# 150g Planted Dicus Up and Running



## gklaw

Well, it is almost done. Just finished plumbing the 80 gallon sump - originally from Keivn1928. Thanks to Discus Dave for bringing it over.

Sump was modified slightly and filled with 15 gallons of bioballs with prefilter socks and the plastic mat from JL in two drip trays..

Spent a few hour trouble shooting leaks and voila! Hope all the plumbing will hold up without leak.

The next step is to remove XP4 after the sump is cycled. Tinker with an automatic water change system and close in the system with finished wood work.

Colour of water from the peat I put in the XP4. Discus are still shy, will add a few more next week. Fish pictures to come.


----------



## Peterchow

Looking Good, Gordon. Your discus will enjoy their new home.

Thanks for sharing !!!!!


----------



## plantedinvertz

Looks really Nice （：


----------



## bonsai dave

It's about time Gordon. lol The tank is looking good.
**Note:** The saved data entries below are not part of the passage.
section \<open>Epistemic operators over a system R (formulas = predicates on points)\<close>

type_synonym ('e, 'a, 'v, 'x, 'm) fml = "('e, 'a, 'v, 'x, 'm) run \<Rightarrow> nat \<Rightarrow> bool"

definition valid :: "('e, 'a, 'v, 'x, 'm) run set \<Rightarrow> ('e, 'a, 'v, 'x, 'm) fml \<Rightarrow> bool" where
  "valid R \<phi> \<longleftrightarrow> (\<forall>r\<in>R. \<forall>m. \<phi> r m)"

definition Kn :: "('e, 'a, 'v, 'x, 'm) run set \<Rightarrow> 'a \<Rightarrow> ('e, 'a, 'v, 'x, 'm) fml
    \<Rightarrow> ('e, 'a, 'v, 'x, 'm) fml" where
  "Kn R i \<phi> r m \<longleftrightarrow> (\<forall>r'\<in>R. \<forall>m'. loc r' m' i = loc r m i \<longrightarrow> \<phi> r' m')"

definition Bel :: "('e, 'a, 'v, 'x, 'm) run set \<Rightarrow> (('e, 'a, 'v, 'x, 'm) run \<Rightarrow> nat \<Rightarrow> 'a set)
    \<Rightarrow> 'a \<Rightarrow> ('e, 'a, 'v, 'x, 'm) fml \<Rightarrow> ('e, 'a, 'v, 'x, 'm) fml" where
  "Bel R S i \<phi> = Kn R i (\<lambda>r m. i \<in> S r m \<longrightarrow> \<phi> r m)"

definition EB :: "('e, 'a, 'v, 'x, 'm) run set \<Rightarrow> (('e, 'a, 'v, 'x, 'm) run \<Rightarrow> nat \<Rightarrow> 'a set)
    \<Rightarrow> ('e, 'a, 'v, 'x, 'm) fml \<Rightarrow> ('e, 'a, 'v, 'x, 'm) fml" where
  "EB R S \<phi> r m \<longleftrightarrow> (\<forall>i\<in>S r m. Bel R S i \<phi> r m)"

definition Ek :: "('e, 'a, 'v, 'x, 'm) run set \<Rightarrow> (('e, 'a, 'v, 'x, 'm) run \<Rightarrow> nat \<Rightarrow> 'a set)
    \<Rightarrow> ('e, 'a, 'v, 'x, 'm) fml \<Rightarrow> ('e, 'a, 'v, 'x, 'm) fml" where
  "Ek R S \<phi> r m \<longleftrightarrow> (\<forall>i\<in>S r m. Kn R i \<phi> r m)"

definition CB :: "('e, 'a, 'v, 'x, 'm) run set \<Rightarrow> (('e, 'a, 'v, 'x, 'm) run \<Rightarrow> nat \<Rightarrow> 'a set)
    \<Rightarrow> ('e, 'a, 'v, 'x, 'm) fml \<Rightarrow> ('e, 'a, 'v, 'x, 'm) fml" where
  "CB R S \<phi> r m \<longleftrightarrow> (\<forall>k\<ge>1. (EB R S ^^ k) \<phi> r m)"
The sump came from tony1928 and it's a 100 gallon sump. I like the upgrades you have done for it.. Can't wait to see it in person in a few weeks.


----------



## Adz1

Looks awesome Gordon...
really wish i had bought that tank while i had the chance....


----------



## gklaw

*Fish Pics Added*

Here are a few of the fish shots.
Large wood, most of disucs, about 8 cories sterbai, 16 rasbora are from April.
Raphael cat saved from the wall aquarium that I bought.


----------



## jobber

loving your amazon setup gordon. i also spot a sterbai! nice scape. is the tank in a quiet nook area in the living room. great looking discus.


----------



## gklaw

It is located right at the bottom of the stair to the basement. No nice sitting spot in front. I do go by that several time a day. It is across from the lanudry room, making plumbing for automation easy.

Will be adding more discus in a week or so. I found them not as shy with more number. With the large sump and filtraion, I think I should be able to overload a little bit as well.


----------



## jobber

now i remember. where the two breeding tanks were. get a lazyboy chair and place it right in that spot . that is a seriously nice tank and i like your scape. nice to see you also have a amazon setup. you do have some nice looking discus, natural wild colouration.


----------



## MadgicBug

Nice tank and filtration setup


----------



## 2wheelsx2

I didn't read carefully enough in the beginning and was going to ask about the XP4. Any reason why you're not running heaters in the sump instead of the in tanks?


----------



## beN

awesome setup gordon!


----------



## gklaw

2wheelsx2 said:


> I didn't read carefully enough in the beginning and was going to ask about the XP4. Any reason why you're not running heaters in the sump instead of the in tanks?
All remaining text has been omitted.